> PROBLEM DESCRIPTION: Report each line of the records below that uses the word "forall".

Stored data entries
------------

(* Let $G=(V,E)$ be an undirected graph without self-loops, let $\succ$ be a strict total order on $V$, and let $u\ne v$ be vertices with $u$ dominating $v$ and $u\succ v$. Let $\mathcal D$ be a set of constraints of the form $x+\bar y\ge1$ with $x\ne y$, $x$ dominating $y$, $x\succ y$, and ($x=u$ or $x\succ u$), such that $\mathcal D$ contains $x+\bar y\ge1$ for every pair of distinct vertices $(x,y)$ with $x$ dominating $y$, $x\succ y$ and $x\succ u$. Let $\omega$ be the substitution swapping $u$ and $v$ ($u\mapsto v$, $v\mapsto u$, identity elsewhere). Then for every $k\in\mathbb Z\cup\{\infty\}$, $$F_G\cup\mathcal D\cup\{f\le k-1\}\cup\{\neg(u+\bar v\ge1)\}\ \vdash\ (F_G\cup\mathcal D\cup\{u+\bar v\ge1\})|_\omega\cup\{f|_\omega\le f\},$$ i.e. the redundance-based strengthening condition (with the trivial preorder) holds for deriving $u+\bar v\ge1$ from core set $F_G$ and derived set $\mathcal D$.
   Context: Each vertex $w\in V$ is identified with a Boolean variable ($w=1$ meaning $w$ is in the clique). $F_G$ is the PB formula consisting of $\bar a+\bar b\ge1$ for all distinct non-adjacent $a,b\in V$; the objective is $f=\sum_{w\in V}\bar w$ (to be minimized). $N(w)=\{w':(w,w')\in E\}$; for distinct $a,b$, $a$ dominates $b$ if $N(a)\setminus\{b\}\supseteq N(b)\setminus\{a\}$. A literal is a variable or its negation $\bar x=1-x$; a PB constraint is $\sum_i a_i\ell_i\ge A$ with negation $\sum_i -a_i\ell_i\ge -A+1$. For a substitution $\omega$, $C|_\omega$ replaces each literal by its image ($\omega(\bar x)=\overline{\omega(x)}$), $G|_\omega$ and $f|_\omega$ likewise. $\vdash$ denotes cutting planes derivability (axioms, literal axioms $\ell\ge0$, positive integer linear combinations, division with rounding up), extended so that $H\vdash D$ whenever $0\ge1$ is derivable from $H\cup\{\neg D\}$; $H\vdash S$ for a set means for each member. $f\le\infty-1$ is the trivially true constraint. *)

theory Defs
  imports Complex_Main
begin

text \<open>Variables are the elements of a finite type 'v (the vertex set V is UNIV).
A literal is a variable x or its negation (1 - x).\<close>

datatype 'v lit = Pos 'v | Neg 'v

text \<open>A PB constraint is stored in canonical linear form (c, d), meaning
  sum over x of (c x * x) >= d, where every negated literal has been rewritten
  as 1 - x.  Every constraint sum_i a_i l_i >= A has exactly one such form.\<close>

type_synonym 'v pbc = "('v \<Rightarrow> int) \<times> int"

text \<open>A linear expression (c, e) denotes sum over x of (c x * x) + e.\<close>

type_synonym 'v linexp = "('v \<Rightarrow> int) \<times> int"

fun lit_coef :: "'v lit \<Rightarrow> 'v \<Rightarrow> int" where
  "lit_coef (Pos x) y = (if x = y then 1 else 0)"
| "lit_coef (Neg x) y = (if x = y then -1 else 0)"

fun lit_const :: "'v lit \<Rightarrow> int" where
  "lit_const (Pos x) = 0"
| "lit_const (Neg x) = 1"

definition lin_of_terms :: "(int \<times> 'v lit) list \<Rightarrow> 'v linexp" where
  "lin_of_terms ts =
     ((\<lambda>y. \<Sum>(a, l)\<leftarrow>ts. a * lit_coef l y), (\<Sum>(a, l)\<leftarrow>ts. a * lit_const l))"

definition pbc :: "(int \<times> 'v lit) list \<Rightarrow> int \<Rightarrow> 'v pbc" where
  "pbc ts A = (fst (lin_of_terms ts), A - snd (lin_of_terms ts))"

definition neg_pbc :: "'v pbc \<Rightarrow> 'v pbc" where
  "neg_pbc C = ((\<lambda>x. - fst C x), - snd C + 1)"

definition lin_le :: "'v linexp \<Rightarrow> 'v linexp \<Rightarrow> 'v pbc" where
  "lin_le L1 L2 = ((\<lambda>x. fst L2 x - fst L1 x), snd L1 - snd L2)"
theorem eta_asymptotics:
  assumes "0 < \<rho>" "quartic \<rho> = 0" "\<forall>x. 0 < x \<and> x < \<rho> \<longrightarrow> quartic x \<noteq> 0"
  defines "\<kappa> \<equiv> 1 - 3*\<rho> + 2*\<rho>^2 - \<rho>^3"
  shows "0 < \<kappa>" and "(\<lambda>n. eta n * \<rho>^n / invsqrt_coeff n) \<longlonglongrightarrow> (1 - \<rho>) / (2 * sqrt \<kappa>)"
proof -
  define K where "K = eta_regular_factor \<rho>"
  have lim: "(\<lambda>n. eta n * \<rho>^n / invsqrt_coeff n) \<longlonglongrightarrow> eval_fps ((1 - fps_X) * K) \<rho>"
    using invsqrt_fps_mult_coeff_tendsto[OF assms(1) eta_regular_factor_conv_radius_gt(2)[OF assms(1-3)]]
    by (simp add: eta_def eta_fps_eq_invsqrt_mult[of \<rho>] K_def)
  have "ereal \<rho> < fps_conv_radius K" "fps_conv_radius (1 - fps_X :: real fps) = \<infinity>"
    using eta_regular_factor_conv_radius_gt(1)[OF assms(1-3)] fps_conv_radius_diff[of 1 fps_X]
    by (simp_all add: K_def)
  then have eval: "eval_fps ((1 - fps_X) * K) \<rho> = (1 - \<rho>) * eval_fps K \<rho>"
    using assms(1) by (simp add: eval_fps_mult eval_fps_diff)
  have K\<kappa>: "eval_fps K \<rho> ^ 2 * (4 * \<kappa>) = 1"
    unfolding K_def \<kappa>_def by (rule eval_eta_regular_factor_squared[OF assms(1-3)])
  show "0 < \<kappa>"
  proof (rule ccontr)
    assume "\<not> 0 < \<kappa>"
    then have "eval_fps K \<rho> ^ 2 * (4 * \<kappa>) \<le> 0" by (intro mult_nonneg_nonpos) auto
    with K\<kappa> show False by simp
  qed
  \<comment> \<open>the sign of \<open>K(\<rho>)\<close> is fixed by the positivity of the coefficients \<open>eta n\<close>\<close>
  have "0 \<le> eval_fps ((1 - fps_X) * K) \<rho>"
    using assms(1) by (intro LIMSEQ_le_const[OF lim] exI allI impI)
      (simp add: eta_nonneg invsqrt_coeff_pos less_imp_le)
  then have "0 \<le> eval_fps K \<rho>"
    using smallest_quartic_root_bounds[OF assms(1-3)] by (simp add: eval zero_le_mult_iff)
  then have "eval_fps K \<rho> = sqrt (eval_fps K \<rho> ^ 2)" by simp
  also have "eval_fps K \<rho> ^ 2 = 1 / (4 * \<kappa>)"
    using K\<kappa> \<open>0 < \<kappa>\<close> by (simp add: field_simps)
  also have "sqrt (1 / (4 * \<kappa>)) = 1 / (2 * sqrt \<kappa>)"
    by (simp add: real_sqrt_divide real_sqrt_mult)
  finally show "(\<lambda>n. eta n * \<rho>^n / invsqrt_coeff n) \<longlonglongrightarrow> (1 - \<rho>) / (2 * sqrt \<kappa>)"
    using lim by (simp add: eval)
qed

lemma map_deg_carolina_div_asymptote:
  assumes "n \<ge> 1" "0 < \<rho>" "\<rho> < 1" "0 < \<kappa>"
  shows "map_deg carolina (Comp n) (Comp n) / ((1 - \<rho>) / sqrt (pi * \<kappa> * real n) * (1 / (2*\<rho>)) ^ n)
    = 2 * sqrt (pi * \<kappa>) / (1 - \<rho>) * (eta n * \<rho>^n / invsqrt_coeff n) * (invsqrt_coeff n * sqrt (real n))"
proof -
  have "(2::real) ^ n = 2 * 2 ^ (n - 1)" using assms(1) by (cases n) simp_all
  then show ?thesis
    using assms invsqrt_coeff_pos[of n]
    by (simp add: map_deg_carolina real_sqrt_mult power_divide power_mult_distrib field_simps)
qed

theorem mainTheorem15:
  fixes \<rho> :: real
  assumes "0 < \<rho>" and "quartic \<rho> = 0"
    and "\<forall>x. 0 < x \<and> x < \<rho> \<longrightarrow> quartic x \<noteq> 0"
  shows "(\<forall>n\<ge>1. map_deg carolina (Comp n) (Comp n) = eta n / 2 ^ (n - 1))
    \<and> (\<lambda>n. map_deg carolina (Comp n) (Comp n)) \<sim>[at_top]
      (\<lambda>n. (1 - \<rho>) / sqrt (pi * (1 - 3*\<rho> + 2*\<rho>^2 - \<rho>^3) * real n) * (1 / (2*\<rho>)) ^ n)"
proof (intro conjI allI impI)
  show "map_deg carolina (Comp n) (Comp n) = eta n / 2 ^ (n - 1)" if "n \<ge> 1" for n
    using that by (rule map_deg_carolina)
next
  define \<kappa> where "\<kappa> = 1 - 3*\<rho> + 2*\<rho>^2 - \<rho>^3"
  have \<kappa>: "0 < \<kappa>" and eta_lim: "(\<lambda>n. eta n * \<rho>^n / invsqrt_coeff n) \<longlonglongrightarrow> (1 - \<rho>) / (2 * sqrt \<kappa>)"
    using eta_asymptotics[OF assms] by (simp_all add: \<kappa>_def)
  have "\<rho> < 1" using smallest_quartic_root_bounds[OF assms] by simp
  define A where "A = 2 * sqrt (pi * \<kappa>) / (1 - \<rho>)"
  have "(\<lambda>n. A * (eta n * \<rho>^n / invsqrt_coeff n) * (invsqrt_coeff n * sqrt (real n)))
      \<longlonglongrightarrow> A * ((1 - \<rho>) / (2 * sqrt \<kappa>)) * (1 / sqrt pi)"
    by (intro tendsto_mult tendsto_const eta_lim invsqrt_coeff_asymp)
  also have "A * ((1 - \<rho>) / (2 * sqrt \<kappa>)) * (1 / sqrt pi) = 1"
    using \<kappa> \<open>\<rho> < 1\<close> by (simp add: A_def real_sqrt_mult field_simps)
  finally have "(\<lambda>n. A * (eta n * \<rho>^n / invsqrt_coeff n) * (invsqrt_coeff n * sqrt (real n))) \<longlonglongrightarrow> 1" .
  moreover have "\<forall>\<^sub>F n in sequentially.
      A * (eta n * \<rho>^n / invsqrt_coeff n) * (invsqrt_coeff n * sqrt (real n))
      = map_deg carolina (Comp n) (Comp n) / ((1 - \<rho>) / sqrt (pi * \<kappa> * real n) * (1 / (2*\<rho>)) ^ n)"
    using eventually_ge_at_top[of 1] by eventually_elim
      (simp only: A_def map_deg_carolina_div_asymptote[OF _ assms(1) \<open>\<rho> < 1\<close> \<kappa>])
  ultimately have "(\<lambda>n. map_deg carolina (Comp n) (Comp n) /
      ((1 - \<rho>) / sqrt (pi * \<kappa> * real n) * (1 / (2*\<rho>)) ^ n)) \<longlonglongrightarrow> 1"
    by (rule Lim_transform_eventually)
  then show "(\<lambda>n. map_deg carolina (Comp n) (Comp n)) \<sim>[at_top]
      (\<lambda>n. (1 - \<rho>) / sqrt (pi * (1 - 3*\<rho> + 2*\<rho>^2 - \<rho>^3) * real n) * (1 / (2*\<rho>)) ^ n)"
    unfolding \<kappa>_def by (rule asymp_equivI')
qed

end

------------

> EXPECTED ANSWER:
  assumes "0 < \<rho>" "quartic \<rho> = 0" "\<forall>x. 0 < x \<and> x < \<rho> \<longrightarrow> quartic x \<noteq> 0"
    and "\<forall>x. 0 < x \<and> x < \<rho> \<longrightarrow> quartic x \<noteq> 0"
  shows "(\<forall>n\<ge>1. map_deg carolina (Comp n) (Comp n) = eta n / 2 ^ (n - 1))
  moreover have "\<forall>\<^sub>F n in sequentially.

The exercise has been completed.